We left the men behind a walked up a hill too steep to be climbing with a belly full of rice. La cut off the path suddenly and led up through the trees to a waterfall, clambering over rocks to reach the bottom. There was a rock about two or three metres above the waterfall pool which we worked up the courage to jump off, into the water. The water was so cold that I could hardly breathe when I surfaced, I felt like I was being crushed. La climbed to the top of the waterfall and jumped from there, probably 15 metres up! Not only that, he held his lit cigarette inside his mouth and pulled it out, still lit, when he came up for air! 

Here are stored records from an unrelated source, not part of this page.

(* Let $\Omega_n=\dfrac{\pi^{n/2}}{\Gamma\left(\frac n2+1\right)}$ for $n\in\mathbb{N}_0$, and \[ \varepsilon_1(n)=-\frac{\frac14\pi-4\pi^2+8\pi^3}{n^3},\qquad \varepsilon_2(n)=\varepsilon_1(n)+\frac{\frac38\pi-7\pi^2-12\pi^3+64\pi^4}{n^4}. \] Then for every $n\in\mathbb{N}$, \[ \sqrt{\frac{2\pi}{n+4\pi+\frac12}+\varepsilon_1(n)}<\frac{\Omega_n}{\Omega_{n-1}+\Omega_{n+1}}<\sqrt{\frac{2\pi}{n+4\pi+\frac12}+\varepsilon_2(n)}. \]
   Context: $\Omega_n$ is the volume of the unit ball in $\mathbb{R}^n$ ($\Omega_0=1$); $\Gamma$ is Euler's gamma function. *)

theory Defs
  imports "HOL-Analysis.Analysis"
begin

text \<open>Volume of the unit ball in R^n: Omega n = pi^(n/2) / Gamma(n/2 + 1).\<close>
definition Omega :: "nat \<Rightarrow> real" where
  "Omega n = pi powr (real n / 2) / Gamma (real n / 2 + 1)"

definition eps1 :: "nat \<Rightarrow> real" where
  "eps1 n = - ((1/4) * pi - 4 * pi^2 + 8 * pi^3) / real n ^ 3"

definition eps2 :: "nat \<Rightarrow> real" where
  "eps2 n = eps1 n + ((3/8) * pi - 7 * pi^2 - 12 * pi^3 + 64 * pi^4) / real n ^ 4"

end

theory Submission
  imports Defs "HOL-Real_Asymp.Real_Asymp"
begin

Can you see him at the top there?!

Until a few years ago, Vang Vieng was synonymous with 'tubing' in the backpacker world, and 'tubing' really meant 'begin drinking at 11am while floating down a river in an inner tyre, stopping at multiple bars along the riverbank and getting blind drunk'. The number of tourist deaths rose and rose, unsurprisingly, and the police were reluctantly forced to get involved. You can still go tubing in Vang Vieng now, but it's much safer: only two bars are allowed to open along the river so there's less opportunity for people to drink themselves into a stupor before floating off down a river for 3km. They also no longer give out free drinks. There are little boys who work at the bars, waiting on the river side with ropes tied to plastic water bottles: they chuck the bottle beside you, you grab on and they drag you to the river bank. You then float downstream for a few kilometres, although the water level was quite low when we went so you had to paddle a bit to speed up. Kim hitched a ride on a passing kayak for a stretch! It was a fun day, although as soon as the went behind the mountains that line the river, it grew very cold and we just wanted to be out of the water but you have to get out at a certain place because that's where the trucks back to town wait.

Sunset over Vang Vieng

After Vang Vieng, we went north to Luang Prabang, a pretty city famous for its night market and some beautiful waterfalls outside town. We took advantage of both, spending an afternoon exploring and swimming at the waterfalls, and most evenings bartering at the market. Asians love to barter, I've become quite good at it, and try my luck with everything from taxi rides to street food!


Luang Prabang bear sanctuary

Our two weeks in Laos went too quickly and I wish we'd had more time. We were restricted by a flight booked from northern Thailand to Myanmar however, so it was time to go. I think I feel this way about most places I've been to: Laos, I'll be back.